▶ **Aim of the exercise**: Gather, from the data below, each line in which the word "left" occurs.

▶ **Supplied material**:
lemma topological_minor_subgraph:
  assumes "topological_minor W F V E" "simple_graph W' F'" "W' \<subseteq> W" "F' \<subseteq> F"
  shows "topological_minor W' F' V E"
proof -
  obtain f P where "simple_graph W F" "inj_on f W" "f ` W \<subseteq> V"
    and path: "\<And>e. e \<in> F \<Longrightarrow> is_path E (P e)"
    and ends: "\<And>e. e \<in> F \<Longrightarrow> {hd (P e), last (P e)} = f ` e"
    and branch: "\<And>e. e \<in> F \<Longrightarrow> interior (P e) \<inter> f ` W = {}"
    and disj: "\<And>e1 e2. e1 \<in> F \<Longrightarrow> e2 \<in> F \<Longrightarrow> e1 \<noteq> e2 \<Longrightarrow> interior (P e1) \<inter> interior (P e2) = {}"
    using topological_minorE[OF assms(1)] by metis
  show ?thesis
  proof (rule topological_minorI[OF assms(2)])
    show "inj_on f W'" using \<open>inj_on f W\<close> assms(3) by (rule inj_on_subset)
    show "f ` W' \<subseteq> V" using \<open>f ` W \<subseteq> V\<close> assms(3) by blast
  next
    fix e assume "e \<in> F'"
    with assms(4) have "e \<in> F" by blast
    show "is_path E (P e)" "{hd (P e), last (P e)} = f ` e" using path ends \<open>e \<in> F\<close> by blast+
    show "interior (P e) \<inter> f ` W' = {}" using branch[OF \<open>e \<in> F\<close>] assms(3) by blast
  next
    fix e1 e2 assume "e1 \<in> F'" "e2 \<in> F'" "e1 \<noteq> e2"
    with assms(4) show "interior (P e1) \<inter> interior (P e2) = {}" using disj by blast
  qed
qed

--

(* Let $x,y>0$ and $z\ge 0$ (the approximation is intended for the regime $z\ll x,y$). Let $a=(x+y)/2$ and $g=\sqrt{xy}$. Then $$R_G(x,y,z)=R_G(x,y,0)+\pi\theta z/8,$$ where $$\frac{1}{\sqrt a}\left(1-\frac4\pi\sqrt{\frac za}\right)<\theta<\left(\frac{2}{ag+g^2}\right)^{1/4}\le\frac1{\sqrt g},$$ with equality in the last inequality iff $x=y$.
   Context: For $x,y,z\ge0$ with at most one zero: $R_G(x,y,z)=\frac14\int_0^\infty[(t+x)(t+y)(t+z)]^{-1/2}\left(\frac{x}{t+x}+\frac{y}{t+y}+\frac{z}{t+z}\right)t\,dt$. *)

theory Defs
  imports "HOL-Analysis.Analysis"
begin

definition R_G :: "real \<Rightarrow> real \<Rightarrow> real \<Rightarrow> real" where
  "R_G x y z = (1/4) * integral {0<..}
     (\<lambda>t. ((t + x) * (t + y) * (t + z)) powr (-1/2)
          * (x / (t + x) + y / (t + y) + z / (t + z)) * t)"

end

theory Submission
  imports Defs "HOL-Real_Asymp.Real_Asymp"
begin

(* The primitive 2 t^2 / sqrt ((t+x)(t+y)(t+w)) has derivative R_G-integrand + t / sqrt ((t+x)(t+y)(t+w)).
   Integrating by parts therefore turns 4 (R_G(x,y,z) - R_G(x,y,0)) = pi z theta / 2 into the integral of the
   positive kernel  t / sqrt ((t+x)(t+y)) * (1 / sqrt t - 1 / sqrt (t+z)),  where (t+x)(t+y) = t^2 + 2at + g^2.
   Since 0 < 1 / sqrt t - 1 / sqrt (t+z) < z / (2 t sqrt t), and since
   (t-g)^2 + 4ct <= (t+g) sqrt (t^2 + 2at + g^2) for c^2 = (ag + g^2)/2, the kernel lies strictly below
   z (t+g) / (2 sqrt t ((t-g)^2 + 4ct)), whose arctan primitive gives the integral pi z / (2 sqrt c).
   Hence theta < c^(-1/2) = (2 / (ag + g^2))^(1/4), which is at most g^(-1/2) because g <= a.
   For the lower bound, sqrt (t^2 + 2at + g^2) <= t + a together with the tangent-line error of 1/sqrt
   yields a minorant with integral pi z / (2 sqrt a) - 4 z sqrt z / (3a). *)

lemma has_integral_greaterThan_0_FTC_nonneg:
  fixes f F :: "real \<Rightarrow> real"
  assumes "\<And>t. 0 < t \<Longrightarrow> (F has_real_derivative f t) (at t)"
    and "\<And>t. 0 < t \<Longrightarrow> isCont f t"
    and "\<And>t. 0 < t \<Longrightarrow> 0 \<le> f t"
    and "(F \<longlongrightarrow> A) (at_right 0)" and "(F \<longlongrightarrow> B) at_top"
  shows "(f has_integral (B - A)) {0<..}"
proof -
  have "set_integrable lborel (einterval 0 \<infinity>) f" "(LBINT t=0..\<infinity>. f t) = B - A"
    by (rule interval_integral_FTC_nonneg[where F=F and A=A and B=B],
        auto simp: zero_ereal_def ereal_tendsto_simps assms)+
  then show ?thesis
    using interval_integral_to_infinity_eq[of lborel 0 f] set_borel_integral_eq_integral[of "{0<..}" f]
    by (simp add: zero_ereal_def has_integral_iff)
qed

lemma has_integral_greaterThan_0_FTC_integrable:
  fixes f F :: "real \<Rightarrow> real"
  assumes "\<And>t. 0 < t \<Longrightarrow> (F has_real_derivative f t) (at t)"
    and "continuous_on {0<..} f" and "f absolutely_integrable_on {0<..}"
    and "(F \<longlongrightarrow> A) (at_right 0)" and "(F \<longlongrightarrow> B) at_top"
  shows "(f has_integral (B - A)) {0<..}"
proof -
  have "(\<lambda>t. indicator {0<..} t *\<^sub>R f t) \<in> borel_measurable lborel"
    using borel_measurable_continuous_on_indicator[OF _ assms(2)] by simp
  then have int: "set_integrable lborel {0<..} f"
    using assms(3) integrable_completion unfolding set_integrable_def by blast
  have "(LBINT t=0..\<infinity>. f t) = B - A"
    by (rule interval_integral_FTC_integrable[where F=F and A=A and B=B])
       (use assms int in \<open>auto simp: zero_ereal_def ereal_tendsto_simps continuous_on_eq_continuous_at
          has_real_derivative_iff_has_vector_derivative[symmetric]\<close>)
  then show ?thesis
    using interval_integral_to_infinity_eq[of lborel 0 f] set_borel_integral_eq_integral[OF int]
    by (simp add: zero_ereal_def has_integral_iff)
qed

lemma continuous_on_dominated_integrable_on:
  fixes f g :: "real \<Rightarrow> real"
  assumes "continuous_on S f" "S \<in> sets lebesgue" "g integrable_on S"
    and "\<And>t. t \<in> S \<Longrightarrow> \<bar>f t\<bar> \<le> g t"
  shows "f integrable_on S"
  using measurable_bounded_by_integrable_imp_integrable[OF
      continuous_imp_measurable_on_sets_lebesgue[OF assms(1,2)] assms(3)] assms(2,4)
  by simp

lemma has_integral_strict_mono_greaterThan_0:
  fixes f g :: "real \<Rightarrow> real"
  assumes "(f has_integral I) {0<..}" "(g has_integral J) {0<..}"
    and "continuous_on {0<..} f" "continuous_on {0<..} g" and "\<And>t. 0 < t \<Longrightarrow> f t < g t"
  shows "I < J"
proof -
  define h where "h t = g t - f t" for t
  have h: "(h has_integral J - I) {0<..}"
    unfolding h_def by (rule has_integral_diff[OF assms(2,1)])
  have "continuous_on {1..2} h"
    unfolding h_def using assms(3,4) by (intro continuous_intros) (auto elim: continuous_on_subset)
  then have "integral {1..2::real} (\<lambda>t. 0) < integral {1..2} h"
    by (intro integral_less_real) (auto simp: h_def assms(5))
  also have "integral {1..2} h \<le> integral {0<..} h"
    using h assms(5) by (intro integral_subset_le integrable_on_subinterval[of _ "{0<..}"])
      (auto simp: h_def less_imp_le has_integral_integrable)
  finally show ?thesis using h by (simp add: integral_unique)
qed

▶ **Solution for this task**:
(* Let $x,y>0$ and $z\ge 0$ (the approximation is intended for the regime $z\ll x,y$). Let $a=(x+y)/2$ and $g=\sqrt{xy}$. Then $$R_G(x,y,z)=R_G(x,y,0)+\pi\theta z/8,$$ where $$\frac{1}{\sqrt a}\left(1-\frac4\pi\sqrt{\frac za}\right)<\theta<\left(\frac{2}{ag+g^2}\right)^{1/4}\le\frac1{\sqrt g},$$ with equality in the last inequality iff $x=y$.
   Context: For $x,y,z\ge0$ with at most one zero: $R_G(x,y,z)=\frac14\int_0^\infty[(t+x)(t+y)(t+z)]^{-1/2}\left(\frac{x}{t+x}+\frac{y}{t+y}+\frac{z}{t+z}\right)t\,dt$. *)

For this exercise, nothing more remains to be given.